Stopping right after the line with "V E \<longleftrightarrow>", please reproduce the material below exactly from its first line.
[Provided information — start]
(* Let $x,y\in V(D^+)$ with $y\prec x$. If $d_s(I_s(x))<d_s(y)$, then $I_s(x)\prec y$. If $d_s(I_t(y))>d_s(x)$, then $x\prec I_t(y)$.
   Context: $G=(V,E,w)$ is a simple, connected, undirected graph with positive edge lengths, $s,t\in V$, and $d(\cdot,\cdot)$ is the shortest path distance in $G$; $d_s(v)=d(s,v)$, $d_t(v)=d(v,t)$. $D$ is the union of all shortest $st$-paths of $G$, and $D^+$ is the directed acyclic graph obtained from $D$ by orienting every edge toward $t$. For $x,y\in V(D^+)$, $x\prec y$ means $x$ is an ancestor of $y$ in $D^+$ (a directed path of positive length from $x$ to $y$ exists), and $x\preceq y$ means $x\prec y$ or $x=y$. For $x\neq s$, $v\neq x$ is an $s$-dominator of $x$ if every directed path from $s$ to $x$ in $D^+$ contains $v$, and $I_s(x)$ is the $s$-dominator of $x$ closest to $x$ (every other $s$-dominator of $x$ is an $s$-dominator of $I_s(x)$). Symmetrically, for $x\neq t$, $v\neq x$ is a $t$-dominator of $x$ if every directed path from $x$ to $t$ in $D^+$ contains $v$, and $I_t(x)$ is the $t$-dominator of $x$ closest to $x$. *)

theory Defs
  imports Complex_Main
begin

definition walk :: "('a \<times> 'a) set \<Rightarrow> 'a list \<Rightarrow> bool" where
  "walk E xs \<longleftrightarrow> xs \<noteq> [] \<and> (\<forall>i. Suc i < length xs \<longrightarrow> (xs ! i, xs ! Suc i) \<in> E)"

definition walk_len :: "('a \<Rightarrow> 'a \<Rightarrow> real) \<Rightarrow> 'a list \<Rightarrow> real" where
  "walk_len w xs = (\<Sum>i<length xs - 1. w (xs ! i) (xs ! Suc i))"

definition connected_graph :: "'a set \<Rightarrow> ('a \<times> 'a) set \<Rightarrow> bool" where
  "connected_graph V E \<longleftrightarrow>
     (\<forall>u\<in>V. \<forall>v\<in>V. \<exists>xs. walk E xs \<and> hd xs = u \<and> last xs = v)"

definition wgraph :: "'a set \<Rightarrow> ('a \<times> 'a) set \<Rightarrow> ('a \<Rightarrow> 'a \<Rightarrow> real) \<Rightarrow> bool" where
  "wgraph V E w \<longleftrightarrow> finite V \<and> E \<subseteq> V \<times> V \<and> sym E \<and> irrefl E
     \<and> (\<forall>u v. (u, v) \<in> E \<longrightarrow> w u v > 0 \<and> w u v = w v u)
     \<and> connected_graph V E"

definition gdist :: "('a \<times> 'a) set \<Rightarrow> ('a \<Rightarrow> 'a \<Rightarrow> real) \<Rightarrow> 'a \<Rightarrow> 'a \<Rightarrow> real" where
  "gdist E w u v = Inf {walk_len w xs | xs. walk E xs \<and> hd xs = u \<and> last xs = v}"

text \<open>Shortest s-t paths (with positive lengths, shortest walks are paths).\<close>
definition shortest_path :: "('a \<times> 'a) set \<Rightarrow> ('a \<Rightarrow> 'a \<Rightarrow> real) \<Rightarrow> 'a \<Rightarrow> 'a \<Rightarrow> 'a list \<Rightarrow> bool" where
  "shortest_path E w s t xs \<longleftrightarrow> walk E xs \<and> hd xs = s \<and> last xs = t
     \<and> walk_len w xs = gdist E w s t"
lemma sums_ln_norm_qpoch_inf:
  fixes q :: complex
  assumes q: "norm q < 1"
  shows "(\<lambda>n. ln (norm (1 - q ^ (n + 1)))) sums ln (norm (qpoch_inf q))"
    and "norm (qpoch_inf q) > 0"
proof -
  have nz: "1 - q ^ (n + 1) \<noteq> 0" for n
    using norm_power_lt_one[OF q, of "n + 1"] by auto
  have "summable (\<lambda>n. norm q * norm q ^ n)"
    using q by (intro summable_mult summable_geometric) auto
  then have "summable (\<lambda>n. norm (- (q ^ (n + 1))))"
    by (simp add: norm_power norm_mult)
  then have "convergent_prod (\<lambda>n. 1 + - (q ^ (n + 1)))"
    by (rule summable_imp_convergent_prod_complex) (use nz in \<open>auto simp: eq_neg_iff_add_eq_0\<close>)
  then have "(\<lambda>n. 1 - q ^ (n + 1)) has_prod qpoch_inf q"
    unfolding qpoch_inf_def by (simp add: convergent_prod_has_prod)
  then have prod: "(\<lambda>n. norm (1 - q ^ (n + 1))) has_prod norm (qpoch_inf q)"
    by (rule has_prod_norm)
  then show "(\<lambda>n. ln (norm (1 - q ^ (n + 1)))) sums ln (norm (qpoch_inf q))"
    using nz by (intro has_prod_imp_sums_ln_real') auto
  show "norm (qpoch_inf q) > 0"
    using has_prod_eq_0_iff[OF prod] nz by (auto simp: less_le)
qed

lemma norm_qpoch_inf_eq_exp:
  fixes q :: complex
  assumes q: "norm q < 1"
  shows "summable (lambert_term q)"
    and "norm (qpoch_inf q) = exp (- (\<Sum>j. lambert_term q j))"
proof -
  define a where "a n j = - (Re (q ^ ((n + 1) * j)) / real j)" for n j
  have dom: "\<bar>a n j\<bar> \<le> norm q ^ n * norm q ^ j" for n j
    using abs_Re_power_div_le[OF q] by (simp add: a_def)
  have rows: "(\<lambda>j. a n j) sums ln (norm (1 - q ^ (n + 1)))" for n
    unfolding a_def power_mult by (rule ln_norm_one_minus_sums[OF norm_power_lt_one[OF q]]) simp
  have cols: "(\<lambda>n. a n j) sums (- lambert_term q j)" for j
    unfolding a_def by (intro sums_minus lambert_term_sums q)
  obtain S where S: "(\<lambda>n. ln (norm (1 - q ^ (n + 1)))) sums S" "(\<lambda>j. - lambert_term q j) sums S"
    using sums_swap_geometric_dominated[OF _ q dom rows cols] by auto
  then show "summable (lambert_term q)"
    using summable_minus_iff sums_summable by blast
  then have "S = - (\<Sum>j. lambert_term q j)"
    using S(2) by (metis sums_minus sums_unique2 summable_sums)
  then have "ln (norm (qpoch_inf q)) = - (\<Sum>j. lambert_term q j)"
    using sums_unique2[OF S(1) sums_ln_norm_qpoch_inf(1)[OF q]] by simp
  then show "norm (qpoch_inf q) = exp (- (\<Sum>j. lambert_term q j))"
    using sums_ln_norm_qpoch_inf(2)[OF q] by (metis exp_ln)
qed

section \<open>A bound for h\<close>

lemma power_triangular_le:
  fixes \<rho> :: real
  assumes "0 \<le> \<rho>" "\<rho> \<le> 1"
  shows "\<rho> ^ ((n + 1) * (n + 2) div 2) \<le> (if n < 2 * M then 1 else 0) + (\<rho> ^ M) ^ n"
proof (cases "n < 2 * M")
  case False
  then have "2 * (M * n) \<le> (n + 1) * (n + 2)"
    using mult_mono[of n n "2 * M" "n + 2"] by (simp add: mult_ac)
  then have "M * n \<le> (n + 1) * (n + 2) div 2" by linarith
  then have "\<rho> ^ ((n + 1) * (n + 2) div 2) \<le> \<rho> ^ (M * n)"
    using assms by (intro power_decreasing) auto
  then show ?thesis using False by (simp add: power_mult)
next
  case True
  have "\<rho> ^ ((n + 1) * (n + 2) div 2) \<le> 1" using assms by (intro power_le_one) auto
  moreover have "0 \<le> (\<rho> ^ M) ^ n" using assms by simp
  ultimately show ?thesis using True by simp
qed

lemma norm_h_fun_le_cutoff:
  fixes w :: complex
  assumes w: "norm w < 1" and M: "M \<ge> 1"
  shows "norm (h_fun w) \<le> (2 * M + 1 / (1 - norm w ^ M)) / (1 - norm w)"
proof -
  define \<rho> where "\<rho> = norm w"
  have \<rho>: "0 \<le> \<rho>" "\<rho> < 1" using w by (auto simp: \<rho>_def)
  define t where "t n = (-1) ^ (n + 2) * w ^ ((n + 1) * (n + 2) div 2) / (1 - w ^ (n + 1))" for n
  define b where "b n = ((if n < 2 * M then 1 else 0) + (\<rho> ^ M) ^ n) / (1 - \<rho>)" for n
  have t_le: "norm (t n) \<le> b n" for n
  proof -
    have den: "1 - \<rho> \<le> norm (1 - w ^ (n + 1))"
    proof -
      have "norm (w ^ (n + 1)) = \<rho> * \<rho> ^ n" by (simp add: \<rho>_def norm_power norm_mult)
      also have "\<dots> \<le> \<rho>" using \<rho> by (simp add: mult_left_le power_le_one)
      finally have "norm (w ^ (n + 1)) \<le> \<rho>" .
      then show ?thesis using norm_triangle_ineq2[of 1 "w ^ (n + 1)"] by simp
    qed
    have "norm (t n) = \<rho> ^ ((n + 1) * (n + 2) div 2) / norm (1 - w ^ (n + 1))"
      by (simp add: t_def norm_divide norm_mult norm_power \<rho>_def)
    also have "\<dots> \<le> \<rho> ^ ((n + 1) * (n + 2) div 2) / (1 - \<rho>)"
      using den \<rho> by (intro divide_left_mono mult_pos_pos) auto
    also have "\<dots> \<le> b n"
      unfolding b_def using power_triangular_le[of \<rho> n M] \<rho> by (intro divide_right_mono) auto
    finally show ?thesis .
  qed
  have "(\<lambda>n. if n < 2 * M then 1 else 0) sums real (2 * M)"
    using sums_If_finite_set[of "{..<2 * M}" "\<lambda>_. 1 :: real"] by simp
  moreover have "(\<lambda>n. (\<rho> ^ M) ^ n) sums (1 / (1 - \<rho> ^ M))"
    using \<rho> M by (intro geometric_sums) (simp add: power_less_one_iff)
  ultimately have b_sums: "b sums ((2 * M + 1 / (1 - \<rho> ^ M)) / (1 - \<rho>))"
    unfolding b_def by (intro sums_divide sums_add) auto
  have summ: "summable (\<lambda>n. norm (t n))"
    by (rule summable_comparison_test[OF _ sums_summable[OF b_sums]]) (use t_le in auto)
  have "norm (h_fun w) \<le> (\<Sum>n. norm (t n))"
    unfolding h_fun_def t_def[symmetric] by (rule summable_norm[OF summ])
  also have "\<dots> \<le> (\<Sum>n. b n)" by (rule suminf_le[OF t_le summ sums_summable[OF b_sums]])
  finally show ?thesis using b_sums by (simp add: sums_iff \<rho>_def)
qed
[Provided information — finish]
### [Task response]
(* Let $x,y\in V(D^+)$ with $y\prec x$. If $d_s(I_s(x))<d_s(y)$, then $I_s(x)\prec y$. If $d_s(I_t(y))>d_s(x)$, then $x\prec I_t(y)$.
   Context: $G=(V,E,w)$ is a simple, connected, undirected graph with positive edge lengths, $s,t\in V$, and $d(\cdot,\cdot)$ is the shortest path distance in $G$; $d_s(v)=d(s,v)$, $d_t(v)=d(v,t)$. $D$ is the union of all shortest $st$-paths of $G$, and $D^+$ is the directed acyclic graph obtained from $D$ by orienting every edge toward $t$. For $x,y\in V(D^+)$, $x\prec y$ means $x$ is an ancestor of $y$ in $D^+$ (a directed path of positive length from $x$ to $y$ exists), and $x\preceq y$ means $x\prec y$ or $x=y$. For $x\neq s$, $v\neq x$ is an $s$-dominator of $x$ if every directed path from $s$ to $x$ in $D^+$ contains $v$, and $I_s(x)$ is the $s$-dominator of $x$ closest to $x$ (every other $s$-dominator of $x$ is an $s$-dominator of $I_s(x)$). Symmetrically, for $x\neq t$, $v\neq x$ is a $t$-dominator of $x$ if every directed path from $x$ to $t$ in $D^+$ contains $v$, and $I_t(x)$ is the $t$-dominator of $x$ closest to $x$. *)

theory Defs
  imports Complex_Main
begin

definition walk :: "('a \<times> 'a) set \<Rightarrow> 'a list \<Rightarrow> bool" where
  "walk E xs \<longleftrightarrow> xs \<noteq> [] \<and> (\<forall>i. Suc i < length xs \<longrightarrow> (xs ! i, xs ! Suc i) \<in> E)"

definition walk_len :: "('a \<Rightarrow> 'a \<Rightarrow> real) \<Rightarrow> 'a list \<Rightarrow> real" where
  "walk_len w xs = (\<Sum>i<length xs - 1. w (xs ! i) (xs ! Suc i))"

definition connected_graph :: "'a set \<Rightarrow> ('a \<times> 'a) set \<Rightarrow> bool" where
  "connected_graph V E \<longleftrightarrow>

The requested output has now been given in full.